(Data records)
○ ○ ○
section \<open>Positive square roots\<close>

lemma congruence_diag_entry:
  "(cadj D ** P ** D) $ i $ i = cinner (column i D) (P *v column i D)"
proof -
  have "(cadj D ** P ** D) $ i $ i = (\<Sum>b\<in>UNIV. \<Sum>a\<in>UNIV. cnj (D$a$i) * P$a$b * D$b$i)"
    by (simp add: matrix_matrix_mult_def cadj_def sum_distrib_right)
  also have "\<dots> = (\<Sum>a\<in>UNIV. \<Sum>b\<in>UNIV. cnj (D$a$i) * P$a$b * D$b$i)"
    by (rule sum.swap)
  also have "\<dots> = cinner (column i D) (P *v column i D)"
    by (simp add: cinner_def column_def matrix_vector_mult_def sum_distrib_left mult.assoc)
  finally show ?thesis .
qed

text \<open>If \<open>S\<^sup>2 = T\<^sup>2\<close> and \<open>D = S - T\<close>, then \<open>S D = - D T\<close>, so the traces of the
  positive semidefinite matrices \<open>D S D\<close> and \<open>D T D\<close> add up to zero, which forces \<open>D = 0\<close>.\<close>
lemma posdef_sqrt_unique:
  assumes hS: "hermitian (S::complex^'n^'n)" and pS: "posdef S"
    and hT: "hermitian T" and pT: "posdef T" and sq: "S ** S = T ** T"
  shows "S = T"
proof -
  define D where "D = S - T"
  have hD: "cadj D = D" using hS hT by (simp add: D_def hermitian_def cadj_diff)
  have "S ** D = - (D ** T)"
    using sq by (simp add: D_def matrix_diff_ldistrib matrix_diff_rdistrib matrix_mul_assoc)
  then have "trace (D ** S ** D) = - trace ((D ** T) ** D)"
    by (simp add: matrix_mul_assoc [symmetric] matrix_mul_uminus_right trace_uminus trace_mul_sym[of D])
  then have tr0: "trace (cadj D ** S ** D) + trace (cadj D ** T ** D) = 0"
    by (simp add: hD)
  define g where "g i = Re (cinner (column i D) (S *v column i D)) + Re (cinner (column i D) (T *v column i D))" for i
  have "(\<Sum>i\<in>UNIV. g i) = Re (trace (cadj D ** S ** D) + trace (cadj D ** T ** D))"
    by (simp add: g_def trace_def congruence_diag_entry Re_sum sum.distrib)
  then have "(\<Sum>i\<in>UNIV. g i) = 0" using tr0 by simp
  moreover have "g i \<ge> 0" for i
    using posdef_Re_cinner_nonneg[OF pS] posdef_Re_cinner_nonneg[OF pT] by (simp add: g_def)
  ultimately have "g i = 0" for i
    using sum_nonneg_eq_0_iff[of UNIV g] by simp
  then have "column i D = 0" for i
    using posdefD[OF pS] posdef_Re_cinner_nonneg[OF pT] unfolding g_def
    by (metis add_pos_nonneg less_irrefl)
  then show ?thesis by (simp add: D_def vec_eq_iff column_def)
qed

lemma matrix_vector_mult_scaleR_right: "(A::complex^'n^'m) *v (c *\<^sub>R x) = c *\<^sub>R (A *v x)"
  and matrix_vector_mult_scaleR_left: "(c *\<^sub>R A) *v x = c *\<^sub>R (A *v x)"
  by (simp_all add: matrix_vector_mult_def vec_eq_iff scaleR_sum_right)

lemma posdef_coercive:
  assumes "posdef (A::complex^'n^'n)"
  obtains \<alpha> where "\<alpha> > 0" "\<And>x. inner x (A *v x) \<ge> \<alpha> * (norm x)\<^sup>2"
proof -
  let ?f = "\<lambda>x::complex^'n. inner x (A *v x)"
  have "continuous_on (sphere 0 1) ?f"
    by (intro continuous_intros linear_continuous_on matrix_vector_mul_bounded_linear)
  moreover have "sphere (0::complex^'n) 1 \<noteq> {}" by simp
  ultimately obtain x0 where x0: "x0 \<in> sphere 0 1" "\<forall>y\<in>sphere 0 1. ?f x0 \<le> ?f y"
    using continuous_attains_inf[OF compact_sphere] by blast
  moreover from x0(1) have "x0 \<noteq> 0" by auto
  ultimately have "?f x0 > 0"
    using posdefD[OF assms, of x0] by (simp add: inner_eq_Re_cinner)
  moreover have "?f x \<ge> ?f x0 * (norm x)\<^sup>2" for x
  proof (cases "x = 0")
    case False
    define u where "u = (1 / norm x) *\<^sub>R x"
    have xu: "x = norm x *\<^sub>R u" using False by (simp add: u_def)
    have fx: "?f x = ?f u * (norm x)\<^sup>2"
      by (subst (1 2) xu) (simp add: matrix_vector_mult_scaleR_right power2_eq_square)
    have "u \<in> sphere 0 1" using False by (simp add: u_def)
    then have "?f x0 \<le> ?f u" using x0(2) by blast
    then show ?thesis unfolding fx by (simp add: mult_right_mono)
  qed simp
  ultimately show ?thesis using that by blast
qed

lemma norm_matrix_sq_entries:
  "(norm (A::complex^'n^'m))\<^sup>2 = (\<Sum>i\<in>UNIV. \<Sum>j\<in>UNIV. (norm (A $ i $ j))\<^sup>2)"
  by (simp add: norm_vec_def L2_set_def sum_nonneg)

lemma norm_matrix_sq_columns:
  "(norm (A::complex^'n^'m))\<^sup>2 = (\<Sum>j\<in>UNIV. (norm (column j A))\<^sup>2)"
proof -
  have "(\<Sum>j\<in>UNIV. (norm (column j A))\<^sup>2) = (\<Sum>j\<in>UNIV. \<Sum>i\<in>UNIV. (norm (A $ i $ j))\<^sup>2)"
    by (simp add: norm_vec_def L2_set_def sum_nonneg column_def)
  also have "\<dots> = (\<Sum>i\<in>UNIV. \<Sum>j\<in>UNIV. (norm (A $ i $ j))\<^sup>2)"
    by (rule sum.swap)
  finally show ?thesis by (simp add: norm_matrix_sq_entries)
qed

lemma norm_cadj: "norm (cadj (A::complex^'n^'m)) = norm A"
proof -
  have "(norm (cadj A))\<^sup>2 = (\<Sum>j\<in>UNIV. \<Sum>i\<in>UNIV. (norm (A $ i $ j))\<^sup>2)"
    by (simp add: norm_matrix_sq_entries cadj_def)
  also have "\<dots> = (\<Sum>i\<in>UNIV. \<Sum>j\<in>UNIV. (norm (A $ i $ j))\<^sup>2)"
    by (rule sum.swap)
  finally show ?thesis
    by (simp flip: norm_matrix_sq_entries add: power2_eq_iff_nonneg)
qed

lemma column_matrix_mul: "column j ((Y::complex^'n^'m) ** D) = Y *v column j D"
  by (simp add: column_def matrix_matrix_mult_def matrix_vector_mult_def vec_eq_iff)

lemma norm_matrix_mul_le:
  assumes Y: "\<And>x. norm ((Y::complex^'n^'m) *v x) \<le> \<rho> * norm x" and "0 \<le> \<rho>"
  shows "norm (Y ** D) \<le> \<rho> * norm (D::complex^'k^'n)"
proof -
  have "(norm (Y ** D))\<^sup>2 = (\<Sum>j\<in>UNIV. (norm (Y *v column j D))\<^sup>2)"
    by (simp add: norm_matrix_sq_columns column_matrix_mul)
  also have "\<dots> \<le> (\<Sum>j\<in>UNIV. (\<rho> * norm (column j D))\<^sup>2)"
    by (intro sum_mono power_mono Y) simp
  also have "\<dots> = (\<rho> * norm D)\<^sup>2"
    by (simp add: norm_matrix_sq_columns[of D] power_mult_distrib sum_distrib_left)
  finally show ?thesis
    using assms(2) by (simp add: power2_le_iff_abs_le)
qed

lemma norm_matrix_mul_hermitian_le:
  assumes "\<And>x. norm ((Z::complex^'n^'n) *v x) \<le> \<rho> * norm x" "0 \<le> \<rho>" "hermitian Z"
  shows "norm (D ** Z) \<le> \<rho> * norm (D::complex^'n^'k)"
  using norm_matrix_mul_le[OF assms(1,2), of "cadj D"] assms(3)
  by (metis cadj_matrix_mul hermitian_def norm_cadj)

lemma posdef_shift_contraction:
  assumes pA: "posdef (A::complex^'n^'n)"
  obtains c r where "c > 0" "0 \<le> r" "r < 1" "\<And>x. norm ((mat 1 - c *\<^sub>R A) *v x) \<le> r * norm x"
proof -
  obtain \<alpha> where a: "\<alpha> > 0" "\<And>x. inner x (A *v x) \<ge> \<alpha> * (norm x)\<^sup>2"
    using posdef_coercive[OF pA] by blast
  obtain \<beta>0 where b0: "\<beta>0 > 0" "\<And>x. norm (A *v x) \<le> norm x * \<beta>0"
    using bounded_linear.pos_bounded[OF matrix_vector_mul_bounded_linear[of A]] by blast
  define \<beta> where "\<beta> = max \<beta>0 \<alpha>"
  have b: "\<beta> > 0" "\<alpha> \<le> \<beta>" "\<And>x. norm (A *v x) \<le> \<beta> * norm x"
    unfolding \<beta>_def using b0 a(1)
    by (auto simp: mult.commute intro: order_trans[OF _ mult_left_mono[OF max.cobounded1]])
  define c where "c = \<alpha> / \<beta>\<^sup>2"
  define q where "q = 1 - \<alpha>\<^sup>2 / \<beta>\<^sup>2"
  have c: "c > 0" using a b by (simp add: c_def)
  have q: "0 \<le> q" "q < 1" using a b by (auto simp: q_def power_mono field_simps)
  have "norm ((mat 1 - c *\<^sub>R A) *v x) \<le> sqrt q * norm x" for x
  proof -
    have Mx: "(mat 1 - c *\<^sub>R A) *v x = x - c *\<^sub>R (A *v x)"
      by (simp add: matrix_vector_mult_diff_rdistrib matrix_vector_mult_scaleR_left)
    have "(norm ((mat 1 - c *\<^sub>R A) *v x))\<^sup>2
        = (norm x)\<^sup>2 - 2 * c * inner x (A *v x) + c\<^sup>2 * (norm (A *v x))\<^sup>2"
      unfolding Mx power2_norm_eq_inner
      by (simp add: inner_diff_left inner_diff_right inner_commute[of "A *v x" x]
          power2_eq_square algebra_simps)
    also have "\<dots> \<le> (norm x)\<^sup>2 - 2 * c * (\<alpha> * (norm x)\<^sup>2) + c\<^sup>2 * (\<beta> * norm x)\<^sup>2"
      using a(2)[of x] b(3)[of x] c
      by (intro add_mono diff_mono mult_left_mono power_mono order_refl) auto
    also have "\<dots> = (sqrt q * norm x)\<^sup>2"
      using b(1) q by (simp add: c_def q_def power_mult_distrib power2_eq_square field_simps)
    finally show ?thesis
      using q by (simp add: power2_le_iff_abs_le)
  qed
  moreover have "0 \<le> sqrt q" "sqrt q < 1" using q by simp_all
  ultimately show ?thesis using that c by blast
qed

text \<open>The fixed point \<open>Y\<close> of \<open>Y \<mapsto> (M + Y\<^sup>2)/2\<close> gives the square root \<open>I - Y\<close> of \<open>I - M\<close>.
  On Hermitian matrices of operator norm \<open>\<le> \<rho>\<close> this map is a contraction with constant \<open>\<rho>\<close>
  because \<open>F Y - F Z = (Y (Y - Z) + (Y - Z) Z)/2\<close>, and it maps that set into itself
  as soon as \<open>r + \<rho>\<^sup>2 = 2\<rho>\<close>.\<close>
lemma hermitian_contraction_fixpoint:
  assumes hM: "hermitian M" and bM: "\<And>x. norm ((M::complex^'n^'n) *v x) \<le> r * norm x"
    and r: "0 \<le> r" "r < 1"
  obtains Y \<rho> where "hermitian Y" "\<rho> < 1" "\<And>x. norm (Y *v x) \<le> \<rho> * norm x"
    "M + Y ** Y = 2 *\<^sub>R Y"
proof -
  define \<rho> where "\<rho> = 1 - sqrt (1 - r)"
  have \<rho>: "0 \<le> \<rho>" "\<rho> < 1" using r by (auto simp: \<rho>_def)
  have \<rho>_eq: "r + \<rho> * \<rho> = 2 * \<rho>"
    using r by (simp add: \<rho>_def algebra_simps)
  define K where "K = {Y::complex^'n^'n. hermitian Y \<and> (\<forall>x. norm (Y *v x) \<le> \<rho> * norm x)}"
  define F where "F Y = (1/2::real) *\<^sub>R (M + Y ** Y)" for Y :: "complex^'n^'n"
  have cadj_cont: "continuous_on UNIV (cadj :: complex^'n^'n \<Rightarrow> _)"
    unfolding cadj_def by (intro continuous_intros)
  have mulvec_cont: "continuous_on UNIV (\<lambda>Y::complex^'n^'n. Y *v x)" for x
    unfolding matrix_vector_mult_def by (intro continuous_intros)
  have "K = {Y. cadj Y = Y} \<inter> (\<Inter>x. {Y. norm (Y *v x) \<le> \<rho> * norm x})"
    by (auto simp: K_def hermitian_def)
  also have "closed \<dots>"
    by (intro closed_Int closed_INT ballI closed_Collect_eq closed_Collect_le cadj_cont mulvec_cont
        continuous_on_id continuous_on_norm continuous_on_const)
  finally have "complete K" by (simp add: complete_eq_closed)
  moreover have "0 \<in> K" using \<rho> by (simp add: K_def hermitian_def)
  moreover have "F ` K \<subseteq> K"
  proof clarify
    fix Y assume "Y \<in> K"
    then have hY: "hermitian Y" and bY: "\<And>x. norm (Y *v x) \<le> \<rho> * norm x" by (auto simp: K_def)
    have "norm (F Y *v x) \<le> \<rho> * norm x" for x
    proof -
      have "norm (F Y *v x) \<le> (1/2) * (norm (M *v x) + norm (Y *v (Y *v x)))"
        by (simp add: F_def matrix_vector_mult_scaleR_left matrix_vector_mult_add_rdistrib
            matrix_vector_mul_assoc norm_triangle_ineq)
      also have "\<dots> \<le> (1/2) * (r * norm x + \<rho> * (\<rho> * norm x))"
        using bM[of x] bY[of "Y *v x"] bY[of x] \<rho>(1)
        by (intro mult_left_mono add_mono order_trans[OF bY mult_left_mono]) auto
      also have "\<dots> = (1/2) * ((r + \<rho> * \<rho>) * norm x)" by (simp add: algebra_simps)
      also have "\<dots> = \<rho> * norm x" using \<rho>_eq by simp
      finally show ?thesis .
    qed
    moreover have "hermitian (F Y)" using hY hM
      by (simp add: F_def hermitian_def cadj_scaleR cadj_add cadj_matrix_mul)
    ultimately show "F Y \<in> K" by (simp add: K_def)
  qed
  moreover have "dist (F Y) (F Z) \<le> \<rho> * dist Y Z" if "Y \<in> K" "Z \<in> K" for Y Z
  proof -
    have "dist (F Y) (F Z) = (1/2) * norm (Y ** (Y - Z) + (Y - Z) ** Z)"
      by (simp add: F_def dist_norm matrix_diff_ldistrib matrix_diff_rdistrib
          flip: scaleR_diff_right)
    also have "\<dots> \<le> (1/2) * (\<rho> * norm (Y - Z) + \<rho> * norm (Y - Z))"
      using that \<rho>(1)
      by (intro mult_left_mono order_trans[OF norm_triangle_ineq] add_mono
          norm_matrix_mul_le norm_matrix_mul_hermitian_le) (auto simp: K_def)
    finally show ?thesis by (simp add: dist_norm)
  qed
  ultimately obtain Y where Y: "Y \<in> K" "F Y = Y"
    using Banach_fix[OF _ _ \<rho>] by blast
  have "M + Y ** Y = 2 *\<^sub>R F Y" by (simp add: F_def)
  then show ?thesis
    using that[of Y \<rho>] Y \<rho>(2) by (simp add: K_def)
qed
○ ○ ○
**Activity:**
In the data above, how many lines contain the word "auto"? Only the number is wanted.

**Task output:**
9